--- THE INPUT Enclosed Below ---
locale memoryless_update = finite_iid M X P
  for M :: "'w measure" and X :: "nat \<Rightarrow> 'w \<Rightarrow> 'a::finite" and P :: "'a pmf" +
  fixes e :: "'a \<Rightarrow> bool list"
  assumes length_pos: "\<And>x. 1 \<le> length (e x)"
begin

definition sent :: "nat \<Rightarrow> 'w \<Rightarrow> 'a" where
  "sent k \<omega> = X (sched e (\<lambda>t. X t \<omega>) k) \<omega>"

lemma measurable_sched [measurable]:
  "(\<lambda>\<omega>. sched e (\<lambda>t. X t \<omega>) k) \<in> M \<rightarrow>\<^sub>M count_space UNIV"
proof (induction k)
  case 0
  then show ?case by simp
next
  case (Suc k)
  have "(\<lambda>\<omega>. (\<lambda>i \<omega>. i + length (e (X i \<omega>))) (sched e (\<lambda>t. X t \<omega>) k) \<omega>) \<in> M \<rightarrow>\<^sub>M count_space UNIV"
    by (rule measurable_compose_countable[OF _ Suc]) (rule measurable_compose[OF measurable_Y], simp)
  then show ?case by simp
qed

lemma measurable_sent [measurable]: "sent k \<in> M \<rightarrow>\<^sub>M count_space UNIV"
proof -
  have "(\<lambda>\<omega>. (\<lambda>i \<omega>. X i \<omega>) (sched e (\<lambda>t. X t \<omega>) k) \<omega>) \<in> M \<rightarrow>\<^sub>M count_space UNIV"
    by (rule measurable_compose_countable[OF _ measurable_sched]) simp
  then show ?thesis by (simp add: sent_def[abs_def])
qed

text \<open>Once the transmitted symbols are prescribed to be a, the start times are the deterministic,
  strictly increasing start_time e a k, so the event is an intersection of independent events
  about distinct inputs.\<close>
lemma prob_sent_prefix_eq:
  "prob {\<omega>\<in>space M. \<forall>k<n. sent k \<omega> = a k} = (\<Prod>k<n. pmf P (a k))"
proof (cases "n = 0")
  case True
  then show ?thesis by (simp add: prob_space)
next
  case False
  let ?t = "start_time e a"
  have inj: "inj_on ?t {..<n}"
    by (rule strict_mono_imp_inj_on[OF strict_mono_start_time[OF length_pos]])
  define A where "A j = {a (the_inv_into {..<n} ?t j)}" for j
  have A: "A (?t k) = {a k}" if "k < n" for k
    unfolding A_def using the_inv_into_f_f[OF inj, of k] that by simp
  have "{\<omega>\<in>space M. \<forall>k<n. sent k \<omega> = a k} = {\<omega>\<in>space M. \<forall>k<n. X (?t k) \<omega> = a k}"
    using sent_prefix_iff_start_time[of n "\<lambda>t. X t _" e a] by (auto simp: sent_def)
  also have "\<dots> = (\<Inter>j\<in>?t ` {..<n}. X j -` A j \<inter> space M)"
    using False by (auto simp: A)
  also have "prob \<dots> = (\<Prod>j\<in>?t ` {..<n}. prob (X j -` A j \<inter> space M))"
    by (rule indep_varsD[OF indep_Y]) (use False in auto)
  also have "\<dots> = (\<Prod>k<n. pmf P (a k))"
    by (simp add: prod.reindex[OF inj] A prob_Y measure_pmf_single)
  finally show ?thesis .
qed

lemma prob_sent_prefix_in:
  "prob {\<omega>\<in>space M. \<forall>k<n. sent k \<omega> \<in> B k} = (\<Prod>k<n. measure_pmf.prob P (B k))"
proof -
  define C where "C a = {\<omega>\<in>space M. \<forall>k<n. sent k \<omega> = a k}" for a
  have "{\<omega>\<in>space M. \<forall>k<n. sent k \<omega> \<in> B k} = (\<Union>a\<in>PiE {..<n} B. C a)"
  proof safe
    fix \<omega> assume "\<omega> \<in> space M" "\<forall>k<n. sent k \<omega> \<in> B k"
    then show "\<omega> \<in> (\<Union>a\<in>PiE {..<n} B. C a)"
      by (intro UN_I[of "restrict (\<lambda>k. sent k \<omega>) {..<n}"]) (auto simp: C_def)
  qed (auto simp: C_def PiE_def Pi_def)
  also have "prob \<dots> = (\<Sum>a\<in>PiE {..<n} B. prob (C a))"
  proof (rule finite_measure_finite_Union)
    show "disjoint_family_on C (PiE {..<n} B)"
      unfolding disjoint_family_on_def
    proof (intro ballI impI)
      fix a b assume "a \<in> PiE {..<n} B" "b \<in> PiE {..<n} B" "a \<noteq> b"
      then obtain k where "k < n" "a k \<noteq> b k"
        by (meson PiE_ext lessThan_iff)
      then show "C a \<inter> C b = {}"
        by (auto simp: C_def)
    qed
    have "C a \<in> sets M" for a
      unfolding C_def by measurable
    then show "C ` PiE {..<n} B \<subseteq> sets M"
      by blast
  qed (simp add: finite_PiE)
  also have "\<dots> = (\<Prod>k<n. \<Sum>x\<in>B k. pmf P x)"
    unfolding C_def prob_sent_prefix_eq by (rule prod_sum_PiE[symmetric]) auto
  finally show ?thesis
    by (simp add: measure_measure_pmf_finite)
qed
--- End of Enclosed THE INPUT ---
◆ **ABOUT THIS EXERCISE**:
Search the material above for the word "rule", then copy out each line that has it.

◆ **TASK RESULT**:
    by (rule measurable_compose_countable[OF _ Suc]) (rule measurable_compose[OF measurable_Y], simp)
    by (rule measurable_compose_countable[OF _ measurable_sched]) simp
    by (rule strict_mono_imp_inj_on[OF strict_mono_start_time[OF length_pos]])
    by (rule indep_varsD[OF indep_Y]) (use False in auto)
  proof (rule finite_measure_finite_Union)
    unfolding C_def prob_sent_prefix_eq by (rule prod_sum_PiE[symmetric]) auto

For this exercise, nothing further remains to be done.